◆ **TASK DIRECTIONS**
Every entry needs to be repeated exactly, with nothing left out.

MATERIAL PROVIDED Block Start

lemma fact_le_card_reachable:
  assumes "finite I" "I \<subseteq> {..<m}" "p \<in> reach"
  shows "fact (card I) \<le> card (reachable D (letters I) p)"
  using assms
proof (induction "card I" arbitrary: I p)
  case 0
  have "reachable D (letters I) p \<noteq> {}" using reachable_refl by blast
  then show ?case
    using finite_reachable_from_reach[OF 0(4,3) order_refl] 0(1)[symmetric]
    by (simp add: Suc_leI card_gt_0_iff)
next
  case (Suc k)
  have p: "p \<in> dstates D" using Suc.prems(3) reach_subset_dstates by blast
  have avoiding_dalph: "letters_avoiding I i \<subseteq> dalph D" for i
    using letters_avoiding_subset letters_mono[OF Suc.prems(2)] letters_subset_dalph by blast
  have "\<forall>i\<in>I. \<exists>b. b \<in> reachable D (letters_avoiding I i) p \<and> bottom_state D (letters_avoiding I i) b"
    using ex_bottom_state[OF is_dpa p avoiding_dalph] by blast
  from bchoice[OF this] obtain b where b: "\<And>i. i \<in> I \<Longrightarrow>
      b i \<in> reachable D (letters_avoiding I i) p \<and> bottom_state D (letters_avoiding I i) (b i)"
    by blast
  define B where "B i = reachable D (letters_avoiding I i) (b i)" for i
  have b_reach: "b i \<in> reach" if "i \<in> I" for i
    using reachable_from_reach[OF Suc.prems(3,2) letters_avoiding_subset] b[OF that] by blast
  have finite_B: "finite (B i)" if "i \<in> I" for i
    unfolding B_def using finite_reachable_from_reach[OF b_reach[OF that] Suc.prems(2)]
      letters_avoiding_subset by blast
  have card_B: "fact k \<le> card (B i)" if "i \<in> I" for i
  proof -
    have "k = card (I - {i})" using Suc.hyps(2) Suc.prems(1) that by simp
    then have "fact k \<le> card (reachable D (letters (I - {i})) (b i))"
      using Suc.hyps(1)[of "I - {i}" "b i"] Suc.prems(1,2) b_reach[OF that] by auto
    also have "\<dots> \<le> card (B i)"
      unfolding B_def using finite_B[OF that, unfolded B_def]
      by (intro card_mono reachable_mono letters_Diff_subset_avoiding)
    finally show ?thesis .
  qed
  have "B i \<subseteq> reachable D (letters I) p" if "i \<in> I" for i
    using b[OF that] reachable_trans reachable_mono[OF letters_avoiding_subset]
    unfolding B_def by blast
  then have "(\<Union>i\<in>I. B i) \<subseteq> reachable D (letters I) p" by blast
  have "fact (Suc k) = (\<Sum>i\<in>I. fact k :: nat)" using Suc.hyps(2)[symmetric] by simp
  also have "\<dots> \<le> (\<Sum>i\<in>I. card (B i))" using card_B by (intro sum_mono)
  also have "\<dots> = card (\<Union>i\<in>I. B i)"
  proof -
    have "\<forall>i\<in>I. \<forall>j\<in>I. i \<noteq> j \<longrightarrow> B i \<inter> B j = {}"
      unfolding B_def using bottom_components_disjoint[OF Suc.prems(1,2)] b b_reach by blast
    then show ?thesis using card_UN_disjoint[OF Suc.prems(1), of B] finite_B by simp
  qed
  also have "\<dots> \<le> card (reachable D (letters I) p)"
    using \<open>(\<Union>i\<in>I. B i) \<subseteq> _\<close> finite_reachable_from_reach[OF Suc.prems(3,2) order_refl]
    by (rule card_mono[rotated])
  finally show ?case using Suc.hyps(2) by simp
qed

MATERIAL PROVIDED Block End

◆ **EXERCISE OUTPUT**
lemma fact_le_card_reachable:
  assumes "finite I" "I \<subseteq> {..<m}" "p \<in> reach"
  shows "fact (card I) \<le> card (reachable D (letters I) p)"
  using assms
proof (induction "card I" arbitrary: I p)
  case 0
  have "reachable D (letters I) p \<noteq> {}" using reachable_refl by blast
  then show ?case
    using finite_reachable_from_reach[OF 0(4,3) order_refl] 0(1)[symmetric]
    by (simp add: Suc_leI card_gt_0_iff)
next
  case (Suc k)
  have p: "p \<in> dstates D" using Suc.prems(3) reach_subset_dstates by blast
  have avoiding_dalph: "letters_avoiding I i \<subseteq> dalph D" for i
    using letters_avoiding_subset letters_mono[OF Suc.prems(2)] letters_subset_dalph by blast
  have "\<forall>i\<in>I. \<exists>b. b \<in> reachable D (letters_avoiding I i) p \<and> bottom_state D (letters_avoiding I i) b"
    using ex_bottom_state[OF is_dpa p avoiding_dalph] by blast
  from bchoice[OF this] obtain b where b: "\<And>i. i \<in> I \<Longrightarrow>
      b i \<in> reachable D (letters_avoiding I i) p \<and> bottom_state D (letters_avoiding I i) (b i)"
    by blast
  define B where "B i = reachable D (letters_avoiding I i) (b i)" for i
  have b_reach: "b i \<in> reach" if "i \<in> I" for i
    using reachable_from_reach[OF Suc.prems(3,2) letters_avoiding_subset] b[OF that] by blast
  have finite_B: "finite (B i)" if "i \<in> I" for i
    unfolding B_def using finite_reachable_from_reach[OF b_reach[OF that] Suc.prems(2)]
      letters_avoiding_subset by blast
  have card_B: "fact k \<le> card (B i)" if "i \<in> I" for i
  proof -
    have "k = card (I - {i})" using Suc.hyps(2) Suc.prems(1) that by simp
    then have "fact k \<le> card (reachable D (letters (I - {i})) (b i))"
      using Suc.hyps(1)[of "I - {i}" "b i"] Suc.prems(1,2) b_reach[OF that] by auto
    also have "\<dots> \<le> card (B i)"
      unfolding B_def using finite_B[OF that, unfolded B_def]
      by (intro card_mono reachable_mono letters_Diff_subset_avoiding)
    finally show ?thesis .
  qed
  have "B i \<subseteq> reachable D (letters I) p" if "i \<in> I" for i
    using b[OF that] reachable_trans reachable_mono[OF letters_avoiding_subset]
    unfolding B_def by blast
  then have "(\<Union>i\<in>I. B i) \<subseteq> reachable D (letters I) p" by blast
  have "fact (Suc k) = (\<Sum>i\<in>I. fact k :: nat)" using Suc.hyps(2)[symmetric] by simp
  also have "\<dots> \<le> (\<Sum>i\<in>I. card (B i))" using card_B by (intro sum_mono)
  also have "\<dots> = card (\<Union>i\<in>I. B i)"
  proof -
    have "\<forall>i\<in>I. \<forall>j\<in>I. i \<noteq> j \<longrightarrow> B i \<inter> B j = {}"
      unfolding B_def using bottom_components_disjoint[OF Suc.prems(1,2)] b b_reach by blast
    then show ?thesis using card_UN_disjoint[OF Suc.prems(1), of B] finite_B by simp
  qed
  also have "\<dots> \<le> card (reachable D (letters I) p)"
    using \<open>(\<Union>i\<in>I. B i) \<subseteq> _\<close> finite_reachable_from_reach[OF Suc.prems(3,2) order_refl]
    by (rule card_mono[rotated])
  finally show ?case using Suc.hyps(2) by simp
qed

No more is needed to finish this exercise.